I am a total novice so please help me out here if you can.



I have no training in any Martial Art. 

I have had my fair share of street fights growing up and have won more often than lost I guess I could say (basic street scraps between untrained fighters). 



But I am going to be joining a local school in the next week or two. (Master Lloyd Irvin's school in Maryland) and it seems that they concentrate on BJJ and Thai Boxing.



I do understand that no matter what Art a person studies, the effectiveness usually comes down to that individuals abilities. As for me...I've always been pretty good with my hands but I really want to start with BJJ as my base style. 

However, I would really like to have a balanced approach...and be able to maximize my striking ability and conditioning with Muay Thai also.. 



So I guess my question is....



would I be better off focusing solely on BJJ then later on incorporating Muay Thai...Or would it be ok for me to cross train right from the start with the two Arts?

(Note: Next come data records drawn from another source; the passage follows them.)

(* Let $\iota_1\le\kappa_1$ and $\iota_2\le\kappa_2$ be natural numbers and let $(\iota,\kappa)=(\iota_1,\kappa_1)\wedge(\iota_2,\kappa_2)$. Then $L_{(\iota_1,\kappa_1)}\times L_{(\iota_2,\kappa_2)}\equiv_W L_{(\iota,\kappa)}$. In particular, with $L_{(0,2)}$ repeated $k\ge1$ times, the $k$-fold product $L_{(0,2)}\times\dots\times L_{(0,2)}$ is Wadge equivalent to $L_{(0,2k)}$.
   Context: For $\iota\le\kappa$, $L_{(\iota,\kappa)}\subseteq\{\iota,\dots,\kappa\}^\omega$ is the set of words in which the highest number occurring infinitely often is even. For word languages $L,M$, $L\times M=\{(x_1,y_1)(x_2,y_2)\cdots : x_1x_2\cdots\in L,\ y_1y_2\cdots\in M\}$ (words over the product alphabet). A pair $(i_1,i_2)\in\omega\times\omega$ is even if both $i_1,i_2$ are even, odd otherwise. Order $[\iota_1,\kappa_1]\times[\iota_2,\kappa_2]$ (where $[a,b]=\{a,\dots,b\}$) componentwise. For $m\in\{0,1\}$ and $n\ge m$, an alternating chain of type $(m,n)$ is a sequence $(x_m,y_m)<(x_{m+1},y_{m+1})<\dots<(x_n,y_n)$ (strict in the componentwise order) such that $(x_i,y_i)$ is even iff $i$ is even. $(\iota_1,\kappa_1)\wedge(\iota_2,\kappa_2)$ is the type of a longest alternating chain in $[\iota_1,\kappa_1]\times[\iota_2,\kappa_2]$ (this is well defined). $\equiv_W$ is mutual continuous reducibility between the Cantor-type spaces of infinite words. *)

theory Defs
  imports Main
begin

definition words :: "'a set \<Rightarrow> (nat \<Rightarrow> 'a) set" where
  "words A = {x. \<forall>i. x i \<in> A}"

definition wcont :: "'a set \<Rightarrow> 'b set \<Rightarrow> ((nat \<Rightarrow> 'a) \<Rightarrow> (nat \<Rightarrow> 'b)) \<Rightarrow> bool" where
  "wcont A B f \<longleftrightarrow> (\<forall>x\<in>words A. f x \<in> words B) \<and>
     (\<forall>x\<in>words A. \<forall>n. \<exists>m. \<forall>y\<in>words A. (\<forall>i<m. y i = x i) \<longrightarrow> (\<forall>i<n. f y i = f x i))"

definition wadge_le :: "'a set \<Rightarrow> (nat \<Rightarrow> 'a) set \<Rightarrow> 'b set \<Rightarrow> (nat \<Rightarrow> 'b) set \<Rightarrow> bool" where
  "wadge_le A L B M \<longleftrightarrow> (\<exists>f. wcont A B f \<and> (\<forall>x\<in>words A. x \<in> L \<longleftrightarrow> f x \<in> M))"

definition wadge_eq :: "'a set \<Rightarrow> (nat \<Rightarrow> 'a) set \<Rightarrow> 'b set \<Rightarrow> (nat \<Rightarrow> 'b) set \<Rightarrow> bool" where
  "wadge_eq A L B M \<longleftrightarrow> wadge_le A L B M \<and> wadge_le B M A L"

definition parity_lang :: "nat \<Rightarrow> nat \<Rightarrow> (nat \<Rightarrow> nat) set" where
  "parity_lang \<iota> \<kappa> = {x \<in> words {\<iota>..\<kappa>}. even (Max {a \<in> {\<iota>..\<kappa>}. infinite {i. x i = a}})}"

definition lang_prod :: "(nat \<Rightarrow> 'a) set \<Rightarrow> (nat \<Rightarrow> 'b) set \<Rightarrow> (nat \<Rightarrow> 'a \<times> 'b) set" where
  "lang_prod L M = {x. (\<lambda>i. fst (x i)) \<in> L \<and> (\<lambda>i. snd (x i)) \<in> M}"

Please help me....because I want to make sure I am spending my money wisely....


----------



## searcher (Aug 16, 2005)

You are going to get a mix of opinions, but if I were you I would focus on the BJJ and establish a good base of techniques.    The reason for my opinion is that BJJ has striking and grappling skills.   It will also have a good level of conditioning, if you put in the time on your own.   If you choose to go the other way and make MT your base don't go mixing it up to quickly.   I am all for cross-training once you have a good knowledge base.   Don't get in to great of a hurry.


----------



## Kenpojujitsu3 (Aug 16, 2005)

If youre training with Master Lloyd croosstrain from the start.  He knows how to integrate things very well for his students so cross-training should present you no problem there.


----------



## arnisador (Aug 16, 2005)

Go for both. Youll get great standing stuff and great grappling stuff. You're lucky.


----------



## Conrad87 (Aug 17, 2005)

Kenpojujitsu3 said:
			
		

> If youre training with Master Lloyd croosstrain from the start. He knows how to integrate things very well for his students so cross-training should present you no problem there.


Thanks for the advice..

I actually spoke with Master Lloyd yesterday and he told me without hesitation..to start with both and progress simultaneously...


----------



## still learning (Aug 17, 2005)

Hello, Have fun in your new training.  Lots of martial arts classes  today have different styles incorporate in their systems.  

 You did ask the right person...your teacher........Aloha


----------